Взгляд Глеба встречается с моим.

— Когда я закопал письмо?

Понимаю, что это странный вопрос, конкретный день недели не имеет отношения к его терапии, поэтому стараюсь как могу замаскировать свой интерес.

— Да, я имела в виду, ты закопал его в тот же день, когда написал? Просто думаю, достаточно ли времени ты с ним провёл. — Неуклюжая попытка оправдаться. Звучит фальшиво даже для моих собственных ушей. Он наверняка это чувствует.

Конечно, никаких «требований по времени» для таких вещей не существует, это полная ерунда. Моё проклятое любопытство, подогреваемое тревогой, взяло надо мной верх, и вопрос вылетел прежде, чем я успела включить свой профессиональный фильтр.

— Я написал его в пятницу, а на кладбище съездил на выходных, — говорит Глеб.

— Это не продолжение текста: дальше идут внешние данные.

(* Let $\xi=(\tau_L,\delta_L,\tau_R,\delta_R)\in\Phi$ and suppose $J_2(\xi)<1$. Then the set $\Xi=\left\{(x,y)\in\mathbb{R}^2: \|f_\xi^{-i}(x,y)\|\to\infty \text{ as } i\to\infty\right\}$ is dense in $\mathbb{R}^2$.
   Context: For $\xi=(\tau_L,\delta_L,\tau_R,\delta_R)\in\mathbb{R}^4$ define $f_\xi(x,y)=(\tau_L x+y+1,\,-\delta_L x)$ if $x\le 0$ and $f_\xi(x,y)=(\tau_R x+y+1,\,-\delta_R x)$ if $x\ge 0$. Let $\Phi=\{\xi: \tau_L>\delta_L+1,\ \delta_L>0,\ \tau_R<-(\delta_R+1),\ \delta_R>0\}$; for $\xi\in\Phi$, $f_\xi$ is a homeomorphism, $\begin{bmatrix}\tau_L&1\\-\delta_L&0\end{bmatrix}$ has real eigenvalues $0<\lambda_L^s<1<\lambda_L^u$ and $\begin{bmatrix}\tau_R&1\\-\delta_R&0\end{bmatrix}$ has real eigenvalues $\lambda_R^u<-1<\lambda_R^s<0$. Let $J_2(\xi)=\max\left\{\lambda_L^s,\frac{\sqrt2\,\lambda_L^s}{\lambda_L^s+1}\right\}+\max\left\{|\lambda_R^s|,\frac{\sqrt2\,|\lambda_R^s|}{|\lambda_R^s|+1}\right\}$. $\|\cdot\|$ is the Euclidean norm. *)

theory Defs
  imports "HOL-Analysis.Analysis"
begin

text \<open>Parameters xi = (tauL, deltaL, tauR, deltaR). Points of R^2 are real pairs
  (the norm on real \<times> real is the Euclidean norm).\<close>

definition bcnf :: "real \<times> real \<times> real \<times> real \<Rightarrow> real \<times> real \<Rightarrow> real \<times> real" where
  "bcnf xi p = (case xi of (tL, dL, tR, dR) \<Rightarrow> case p of (x, y) \<Rightarrow>
     (if x \<le> 0 then (tL * x + y + 1, - dL * x) else (tR * x + y + 1, - dR * x)))"

definition Phi :: "(real \<times> real \<times> real \<times> real) set" where
  "Phi = {(tL, dL, tR, dR). tL > dL + 1 \<and> dL > 0 \<and> tR < - (dR + 1) \<and> dR > 0}"

text \<open>Eigenvalues of [[tau,1],[-delta,0]] are the roots of l^2 - tau l + delta.\<close>
definition lamLs :: "real \<times> real \<times> real \<times> real \<Rightarrow> real" where
  "lamLs xi = (case xi of (tL, dL, tR, dR) \<Rightarrow>
     THE l. l^2 - tL * l + dL = 0 \<and> 0 < l \<and> l < 1)"

definition lamRs :: "real \<times> real \<times> real \<times> real \<Rightarrow> real" where
  "lamRs xi = (case xi of (tL, dL, tR, dR) \<Rightarrow>
     THE l. l^2 - tR * l + dR = 0 \<and> -1 < l \<and> l < 0)"

definition J2 :: "real \<times> real \<times> real \<times> real \<Rightarrow> real" where
  "J2 xi = max (lamLs xi) (sqrt 2 * lamLs xi / (lamLs xi + 1))
         + max \<bar>lamRs xi\<bar> (sqrt 2 * \<bar>lamRs xi\<bar> / (\<bar>lamRs xi\<bar> + 1))"

definition bcnf_inv_iter :: "real \<times> real \<times> real \<times> real \<Rightarrow> nat \<Rightarrow> real \<times> real \<Rightarrow> real \<times> real" where
  "bcnf_inv_iter xi i = (inv (bcnf xi)) ^^ i"
(* Let $a>0$ and let $f:(a,\infty)\to\mathbb{R}$ be real analytic and not identically zero. Let $\mathcal I=\{x\in(a,\infty):f(x)=0\}$. Assume that: (1) as $x\to a$ we have $\kappa(f,x)\to\infty$, and for every sequence $x_j\in(a,\infty)$ with $x_j\to\infty$ and $\mathrm{dist}(x_j,\mathcal I)\to0$ we have $\kappa(f,x_j)\to\infty$; (2) both as $x\to a$ and as $x\to\infty$ we have $\limsup|H(f,x)|\leq C$ for some constant $C>0$, where $H(f,x)=\frac{x^2f(x)f''(x)}{f(x)^2+x^2f'(x)^2}$. The part of this hypothesis concerning $x\to a$ is automatically satisfied if $f$ admits an analytic extension to $(a-\epsilon,\infty)$ for some $\epsilon>0$. Then $f$ is amenable.
   Context: Relative distance on $\mathbb{R}$: $\mathrm{dist}(x,y)=0$ if $x=y=0$, $\mathrm{dist}(x,y)=|\log(y/x)|$ if $xy>0$, and $\mathrm{dist}(x,y)=\infty$ otherwise; for a set $S$, $\mathrm{dist}(x,S)=\inf_{s\in S}\mathrm{dist}(x,s)$. For a real analytic function $f$ on an open set $\Omega\subseteq\mathbb{R}$, not identically zero, the condition number is $\kappa(f,x)=0$ if $x=0$, $\kappa(f,x)=\infty$ if $x\neq0$ and $f(x)=0$, and $\kappa(f,x)=|x|\,|f'(x)|/|f(x)|$ otherwise; set $\mu(f,x)=1+\kappa(f,x)$. The function $f:\Omega\to\mathbb{R}$ is called amenable if there is a constant $C>0$ such that for every $x\in\Omega$ with $\kappa(f,x)<\infty$, the set $B_x=\{y\in\mathbb{R}:\mathrm{dist}(y,x)<1/(C\mu(f,x))\}$ is contained in $\Omega$, and $\mu(f,y)\leq C\mu(f,x)$ for all $y\in B_x$. *)

theory Defs
  imports "HOL-Analysis.Analysis"
begin

definition real_analytic_on :: "(real \<Rightarrow> real) \<Rightarrow> real set \<Rightarrow> bool" where
  "real_analytic_on f S \<longleftrightarrow>
     (\<forall>x0\<in>S. \<exists>r>0. \<exists>c::nat \<Rightarrow> real.
        \<forall>x. \<bar>x - x0\<bar> < r \<longrightarrow> (\<lambda>n. c n * (x - x0) ^ n) sums f x)"
(* Let $\mathcal{A}=(\mathcal{E},\{M_i\}_{i\in\mathcal{O}})$ be a quantum decision model and $1\ge\epsilon,\delta>0$, and let $K^*$ be its Lipschitz constant. (1) $\mathcal{A}$ is $(\epsilon,\delta)$-fair if and only if $\delta\ge K^*\epsilon$. (2) Suppose $\mathcal{A}$ is not $(\epsilon,\delta)$-fair, and let $|\psi\rangle,|\phi\rangle$ be mutually orthogonal unit vectors with $d(\mathcal{A}(\psi),\mathcal{A}(\phi))=K^*D(\psi,\phi)$ (where $\psi=|\psi\rangle\langle\psi|$, $\phi=|\phi\rangle\langle\phi|$; such a pair exists). Then for every $\sigma\in\mathcal{D}(\mathcal{H})$, the pair $(\rho_\psi,\rho_\phi)$ with $\rho_\psi=\epsilon\psi+(1-\epsilon)\sigma$ and $\rho_\phi=\epsilon\phi+(1-\epsilon)\sigma$ is an $(\epsilon,\delta)$-bias pair.
   Context: $\mathcal{H}$ is a Hilbert space of finite dimension $N$ and $\mathcal{D}(\mathcal{H})$ is the set of density matrices on $\mathcal{H}$. A super-operator $\mathcal{E}$ is a completely positive trace-preserving map $\mathcal{E}(\rho)=\sum_j E_j\rho E_j^\dagger$, $\sum_j E_j^\dagger E_j=I$. A quantum measurement is $\{M_i\}_{i\in\mathcal{O}}$ with $\mathcal{O}$ finite and $\sum_i M_i^\dagger M_i=I$. A quantum decision model $\mathcal{A}=(\mathcal{E},\{M_i\}_{i\in\mathcal{O}})$ maps $\rho\in\mathcal{D}(\mathcal{H})$ to the distribution $\mathcal{A}(\rho)=\{\mathrm{tr}(M_i\mathcal{E}(\rho)M_i^\dagger)\}_{i\in\mathcal{O}}$. $D(\rho,\sigma)=\frac12\mathrm{tr}|\rho-\sigma|$ (trace distance); $d(p,q)=\frac12\sum_i|p_i-q_i|$ (total variation distance). A pair $(\rho,\sigma)$ of states is an $(\epsilon,\delta)$-bias pair if $D(\rho,\sigma)\le\epsilon$ and $d(\mathcal{A}(\rho),\mathcal{A}(\sigma))>\delta$; $\mathcal{A}$ is $(\epsilon,\delta)$-fair if no $(\epsilon,\delta)$-bias pair exists. The Lipschitz constant $K^*$ of $\mathcal{A}$ is the smallest $K\ge 0$ such that $d(\mathcal{A}(\rho),\mathcal{A}(\sigma))\le K\,D(\rho,\sigma)$ for all $\rho,\sigma\in\mathcal{D}(\mathcal{H})$. *)

theory Defs
  imports "Jordan_Normal_Form.Matrix"
begin

(* Finite-dimensional Hilbert space H = C^N; operators are N x N complex matrices. *)

definition adj :: "complex mat \<Rightarrow> complex mat" where
  "adj A = mat (dim_col A) (dim_row A) (\<lambda>(i,j). cnj (A $$ (j,i)))"

definition mtrace :: "complex mat \<Rightarrow> complex" where
  "mtrace A = (\<Sum>i<dim_row A. A $$ (i,i))"

definition msum :: "nat \<Rightarrow> 'j set \<Rightarrow> ('j \<Rightarrow> complex mat) \<Rightarrow> complex mat" where
  "msum N J f = mat N N (\<lambda>(i,j). \<Sum>k\<in>J. f k $$ (i,j))"

definition inner :: "complex vec \<Rightarrow> complex vec \<Rightarrow> complex" where
  "inner u v = (\<Sum>i<dim_vec u. cnj (u $ i) * v $ i)"

definition hermitian :: "complex mat \<Rightarrow> bool" where
  "hermitian A \<longleftrightarrow> adj A = A"

definition psd :: "nat \<Rightarrow> complex mat \<Rightarrow> bool" where
  "psd N A \<longleftrightarrow> A \<in> carrier_mat N N \<and> hermitian A \<and>
     (\<forall>v \<in> carrier_vec N. 0 \<le> Re (inner v (A *\<^sub>v v)))"

definition density :: "nat \<Rightarrow> complex mat \<Rightarrow> bool" where
  "density N \<rho> \<longleftrightarrow> psd N \<rho> \<and> mtrace \<rho> = 1"

definition mat_abs :: "nat \<Rightarrow> complex mat \<Rightarrow> complex mat" where
  "mat_abs N A = (THE B. psd N B \<and> B * B = adj A * A)"

definition trace_dist :: "nat \<Rightarrow> complex mat \<Rightarrow> complex mat \<Rightarrow> real" where
  "trace_dist N \<rho> \<sigma> = Re (mtrace (mat_abs N (\<rho> - \<sigma>))) / 2"

definition tv_dist :: "'o set \<Rightarrow> ('o \<Rightarrow> real) \<Rightarrow> ('o \<Rightarrow> real) \<Rightarrow> real" where
  "tv_dist Out p q = (\<Sum>i\<in>Out. \<bar>p i - q i\<bar>) / 2"

(* Quantum decision model A = (E, {M_i}_{i in Out}); E given by Kraus operators E_j, j in J *)
definition qdm :: "nat \<Rightarrow> 'j set \<Rightarrow> ('j \<Rightarrow> complex mat) \<Rightarrow> 'o set \<Rightarrow> ('o \<Rightarrow> complex mat) \<Rightarrow> bool" where
  "qdm N J E Out M \<longleftrightarrow>
     finite J \<and> (\<forall>j\<in>J. E j \<in> carrier_mat N N) \<and> msum N J (\<lambda>j. adj (E j) * E j) = 1\<^sub>m N \<and>
     finite Out \<and> (\<forall>i\<in>Out. M i \<in> carrier_mat N N) \<and> msum N Out (\<lambda>i. adj (M i) * M i) = 1\<^sub>m N"

definition superop :: "nat \<Rightarrow> 'j set \<Rightarrow> ('j \<Rightarrow> complex mat) \<Rightarrow> complex mat \<Rightarrow> complex mat" where
  "superop N J E \<rho> = msum N J (\<lambda>j. E j * \<rho> * adj (E j))"

definition qdm_out :: "nat \<Rightarrow> 'j set \<Rightarrow> ('j \<Rightarrow> complex mat) \<Rightarrow> ('o \<Rightarrow> complex mat) \<Rightarrow> complex mat \<Rightarrow> 'o \<Rightarrow> real" where
  "qdm_out N J E M \<rho> i = Re (mtrace (M i * superop N J E \<rho> * adj (M i)))"

definition bias_pair :: "nat \<Rightarrow> 'j set \<Rightarrow> ('j \<Rightarrow> complex mat) \<Rightarrow> 'o set \<Rightarrow> ('o \<Rightarrow> complex mat)
    \<Rightarrow> real \<Rightarrow> real \<Rightarrow> complex mat \<Rightarrow> complex mat \<Rightarrow> bool" where
  "bias_pair N J E Out M \<epsilon> \<delta> \<rho> \<sigma> \<longleftrightarrow> density N \<rho> \<and> density N \<sigma> \<and>
     trace_dist N \<rho> \<sigma> \<le> \<epsilon> \<and> tv_dist Out (qdm_out N J E M \<rho>) (qdm_out N J E M \<sigma>) > \<delta>"

definition fair :: "nat \<Rightarrow> 'j set \<Rightarrow> ('j \<Rightarrow> complex mat) \<Rightarrow> 'o set \<Rightarrow> ('o \<Rightarrow> complex mat)
    \<Rightarrow> real \<Rightarrow> real \<Rightarrow> bool" where
  "fair N J E Out M \<epsilon> \<delta> \<longleftrightarrow> \<not> (\<exists>\<rho> \<sigma>. bias_pair N J E Out M \<epsilon> \<delta> \<rho> \<sigma>)"
(* Let $\Delta$ be a simplicial polytopal fan in $\mathbb{R}^d$ with ray generators $\mathbf{v}_1,\ldots,\mathbf{v}_n$, and let $\{(\mathbf{u}^{(i)},y^{(i)})\}_{i=1}^m\subset\mathbb{R}^d\times\mathbb{R}$ be noiseless data, i.e. there is a polytope $P\in\mathcal{P}(\Delta)$ with $y^{(i)}=h_P(\mathbf{u}^{(i)})$ for all $i$. With $U=(\mathbf{u}^{(1)},\ldots,\mathbf{u}^{(m)})^\mathsf{T}$ and $\mathbf{y}=(y^{(i)})_i$, \[ \hat{P}^\Delta(U,\mathbf{y})=\{\mathbf{h}\in\mathcal{P}(\Delta)\colon A_U\mathbf{h}=\mathbf{y}\}. \]
   Context: A fan is simplicial if every cone is generated by linearly independent vectors; polytopal if it is the normal fan of a polytope. $h_P(\mathbf{u})=\max_{\mathbf{x}\in P}\langle\mathbf{x},\mathbf{u}\rangle$. For $\mathbf{h}\in\mathbb{R}^n$, $P(\mathbf{h})=\{\mathbf{x}\colon\langle\mathbf{x},\mathbf{v}_i\rangle\le h_i\ \forall i\}$. The deformation cone $\mathcal{P}(\Delta)$ is the set of polytopes whose normal fan is coarsened by $\Delta$, identified via support vectors $\mathbf{h}=(h_P(\mathbf{v}_i))_i$ with a closed polyhedral cone in $\mathbb{R}^n$. For $\mathbf{u}\in\mathbb{R}^d$, with $\sigma$ the cone of $\Delta$ containing $\mathbf{u}$ in its relative interior and $\mathbf{u}=\sum_{k\in I_\sigma}\lambda_k\mathbf{v}_k$ over the generators of $\sigma$, set $[\mathbf{u}]_i=\lambda_i$ for $i\in I_\sigma$ and $0$ otherwise. $A_U$ is the $m\times n$ matrix with rows $[\mathbf{u}^{(i)}]^\mathsf{T}$. The least-squares estimator $\hat{P}^\Delta(U,\mathbf{y})$ is the set of support vectors of polytopes $P\in\mathcal{P}(\Delta)$ minimizing $\frac1m\sum_i(h_P(\mathbf{u}^{(i)})-y^{(i)})^2$. *)

theory Defs
  imports "HOL-Analysis.Analysis"
begin

text \<open>Ray generators are indexed by a finite type 'n (so n = CARD('n)); a cone of the
  fan is described by the index set S of its generators, cone S = pos_hull v S.\<close>

definition pos_hull :: "('n \<Rightarrow> 'a::euclidean_space) \<Rightarrow> 'n set \<Rightarrow> 'a set" where
  "pos_hull v S = {(\<Sum>i\<in>S. c i *\<^sub>R v i) | c. \<forall>i\<in>S. c i \<ge> 0}"

definition simplicial_fan :: "('n::finite \<Rightarrow> 'a::euclidean_space) \<Rightarrow> 'n set set \<Rightarrow> bool" where
  "simplicial_fan v Delta \<longleftrightarrow>
     {} \<in> Delta \<and>
     (\<forall>S\<in>Delta. \<forall>T. T \<subseteq> S \<longrightarrow> T \<in> Delta) \<and>
     (\<forall>S\<in>Delta. inj_on v S \<and> independent (v ` S)) \<and>
     (\<forall>S\<in>Delta. \<forall>T\<in>Delta. pos_hull v S \<inter> pos_hull v T = pos_hull v (S \<inter> T)) \<and>
     (\<forall>i. {i} \<in> Delta)"

definition fan_cones :: "('n \<Rightarrow> 'a::euclidean_space) \<Rightarrow> 'n set set \<Rightarrow> 'a set set" where
  "fan_cones v Delta = pos_hull v ` Delta"

definition normal_cone :: "'a::euclidean_space set \<Rightarrow> 'a set \<Rightarrow> 'a set" where
  "normal_cone P F = {u. \<forall>x\<in>F. \<forall>z\<in>P. inner z u \<le> inner x u}"

definition normal_fan :: "'a::euclidean_space set \<Rightarrow> 'a set set" where
  "normal_fan P = {normal_cone P F | F. F face_of P \<and> F \<noteq> {}}"
(* Let $K\subseteq\mathbb{R}^N$ be a closed convex set such that $B(0,r_K)\subset K\subset B(0,R_K)$ for some $r_K,R_K>0$, let $\Phi:\mathbb{R}\to\mathbb{R}$ be an increasing function, and set $\Psi(x):=\Phi(d_K^2(x))$ for $x\in\mathbb{R}^N$. Then: (a) If $\Phi$ is of class $C^1$, then for every $x\in\mathbb{R}^N$, $$\nabla\Psi(x)=2\Phi'(d_K^2(x))(x-\Pi_K(x)),$$ $$\nabla\Psi(x)\cdot x\ge 2\Phi'(d_K^2(x))\,d_K^2(x)\qquad\text{and}\qquad \nabla\Psi(x)\cdot x\ge 2\Phi'(d_K^2(x))\,r_K\,d_K(x).$$ (b) If $\partial K$ is of class $C^2$ and $\Phi$ is of class $C^2$, then for every $x\in\mathbb{R}^N\setminus K$ and $v\in\mathbb{R}^N$, $$D^2\Psi(x)v\cdot v=4\Phi''(d_K^2(x))[(x-\Pi_K(x))\cdot v]^2+2\Phi'(d_K^2(x))(v-D\Pi_K(x)v)\cdot v.$$ If in addition the second fundamental form of $\partial K$ is positive definite at every point of $\partial K$, then there exists $C_K>0$ such that for every $x\in\mathbb{R}^N\setminus K$ and $v\in\mathbb{R}^N$, $$D^2\Psi(x)v\cdot v\ge 4\Phi''(d_K^2(x))[(x-\Pi_K(x))\cdot v]^2+2\Phi'(d_K^2(x))\frac{C_Kd_K(x)}{1+C_Kd_K(x)}|v|^2.$$
   Context: $d_K$ denotes the Euclidean distance function to $K$ and $\Pi_K:\mathbb{R}^N\to K$ the Euclidean projection onto $K$; $B(0,r)$ is the open ball of radius $r$ centered at $0$. *)

theory Defs
  imports "HOL-Analysis.Analysis"
begin

definition grad :: "('a::euclidean_space \<Rightarrow> real) \<Rightarrow> 'a \<Rightarrow> 'a" where
  "grad f x = (SOME g. (f has_derivative (\<lambda>h. g \<bullet> h)) (at x))"

definition C2_real :: "(real \<Rightarrow> real) \<Rightarrow> bool" where
  "C2_real f \<longleftrightarrow> (\<forall>t. f differentiable (at t)) \<and> (deriv f) C1_differentiable_on UNIV"

text \<open>A local C^2 defining function g of K near p, on the open set U: K \<inter> U = {g \<le> 0},
  G is the gradient of g and H y is the derivative of G at y (the Hessian), continuous in y,
  and the gradient never vanishes on U.\<close>
definition local_C2_defining ::
  "'a::euclidean_space set \<Rightarrow> 'a \<Rightarrow> 'a set \<Rightarrow> ('a \<Rightarrow> real) \<Rightarrow> ('a \<Rightarrow> 'a) \<Rightarrow> ('a \<Rightarrow> 'a \<Rightarrow> 'a) \<Rightarrow> bool"
  where
  "local_C2_defining K p U g G H \<longleftrightarrow>
     open U \<and> p \<in> U \<and>
     (\<forall>y\<in>U. (g has_derivative (\<lambda>h. G y \<bullet> h)) (at y)) \<and>
     (\<forall>y\<in>U. (G has_derivative H y) (at y)) \<and>
     (\<forall>v. continuous_on U (\<lambda>y. H y v)) \<and>
     (\<forall>y\<in>U. G y \<noteq> 0) \<and>
     K \<inter> U = {y\<in>U. g y \<le> 0}"

definition C2_boundary :: "'a::euclidean_space set \<Rightarrow> bool" where
  "C2_boundary K \<longleftrightarrow> (\<forall>p\<in>frontier K. \<exists>U g G H. local_C2_defining K p U g G H)"

text \<open>The second fundamental form of the boundary is positive definite at every boundary point:
  the Hessian of a local defining function is positive definite on the tangent space
  (the orthogonal complement of the gradient).\<close>
definition pos_def_second_fundamental_form :: "'a::euclidean_space set \<Rightarrow> bool" where
  "pos_def_second_fundamental_form K \<longleftrightarrow>
     (\<forall>p\<in>frontier K. \<exists>U g G H. local_C2_defining K p U g G H \<and>
        (\<forall>v. v \<noteq> 0 \<and> G p \<bullet> v = 0 \<longrightarrow> H p v \<bullet> v > 0))"

end

theory Submission
  imports Defs
begin

text \<open>Since the metric projection onto a closed convex set is 1-Lipschitz and minimizes the
  distance, the first-order remainder of the squared distance at x is squeezed between two
  quadratic terms, so its gradient is 2 (x - closest_point K x). The inequalities of part (a)
  are the variational inequality of the projection tested against 0 and against the point of
  the inner ball in the direction of the outer normal.

  For x outside K the projection p lies on the boundary, and x = p + s G p where g is a local
  defining function with gradient G and Hessian H. Hence (p, s) \<mapsto> (p + s G p, g p) maps
  the normal coordinates of every y near x to (y, 0). Convexity makes H p nonnegative on the
  tangent space, so the derivative of this map is invertible, and the inverse function
  theorem shows that the projection is differentiable, its derivative w at v being tangent
  with v = w + s H p w + \<mu> G p. The Hessian formula follows by the chain rule. If the second
  fundamental form is at least c, uniformly on the compact boundary, this relation gives
  v \<bullet> w \<ge> (1 + c d) |w|^2 with d the distance of x to K, and hence
  (v - w) \<bullet> v \<ge> c d / (1 + c d) |v|^2.\<close>

section \<open>Squared distance to a closed convex set\<close>

lemma infdist_closest_point:
  fixes K :: "'a::euclidean_space set"
  assumes "closed K" "K \<noteq> {}"
  shows "infdist x K = norm (x - closest_point K x)"
  using assms by (simp add: infdist_eq_setdist setdist_closest_point dist_norm)

lemma has_derivative_at_quadratic_remainder:
  fixes f :: "'a::real_normed_vector \<Rightarrow> 'b::real_normed_vector"
  assumes "bounded_linear L"
    and remainder: "\<And>y. norm (f y - f x - L (y - x)) \<le> C * (norm (y - x))\<^sup>2"
  shows "(f has_derivative L) (at x)"
  unfolding has_derivative_at_alt
proof (intro conjI allI impI assms(1))
  fix e :: real assume e: "e > 0"
  show "\<exists>d>0. \<forall>y. norm (y - x) < d \<longrightarrow> norm (f y - f x - L (y - x)) \<le> e * norm (y - x)"
  proof (intro exI[of _ "e / (\<bar>C\<bar> + 1)"] conjI allI impI)
    show "e / (\<bar>C\<bar> + 1) > 0" using e by simp
    fix y assume "norm (y - x) < e / (\<bar>C\<bar> + 1)"
    then have "(\<bar>C\<bar> + 1) * norm (y - x) \<le> e" by (simp add: field_simps)
    then have "C * norm (y - x) \<le> e" by (smt (verit) mult_right_mono norm_ge_zero abs_ge_self)
    from mult_right_mono[OF this norm_ge_zero[of "y - x"]]
    have "C * (norm (y - x))\<^sup>2 \<le> e * norm (y - x)" by (simp add: power2_eq_square mult.assoc)
    then show "norm (f y - f x - L (y - x)) \<le> e * norm (y - x)"
      using remainder[of y] by simp
  qed
qed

Мои глаза непроизвольно расширяются. Холод пробегает по коже. Я вспоминаю… того человека. Фигуру у ограды, которая неотрывно смотрела, как я уезжаю от могил Елены и Алины в прошлое воскресенье. Я ведь была на том самом кладбище в воскресенье, и там не было посажено никаких цветов. Только несколько увядших роз на надгробиях. Земля заросла травой и выглядела совершенно нетронутой. Если бы он приезжал раньше на выходных, в субботу или утром в воскресенье, и что-то сажал, я бы точно заметила. Но я ничего такого не видела. Значит, он был там уже после меня.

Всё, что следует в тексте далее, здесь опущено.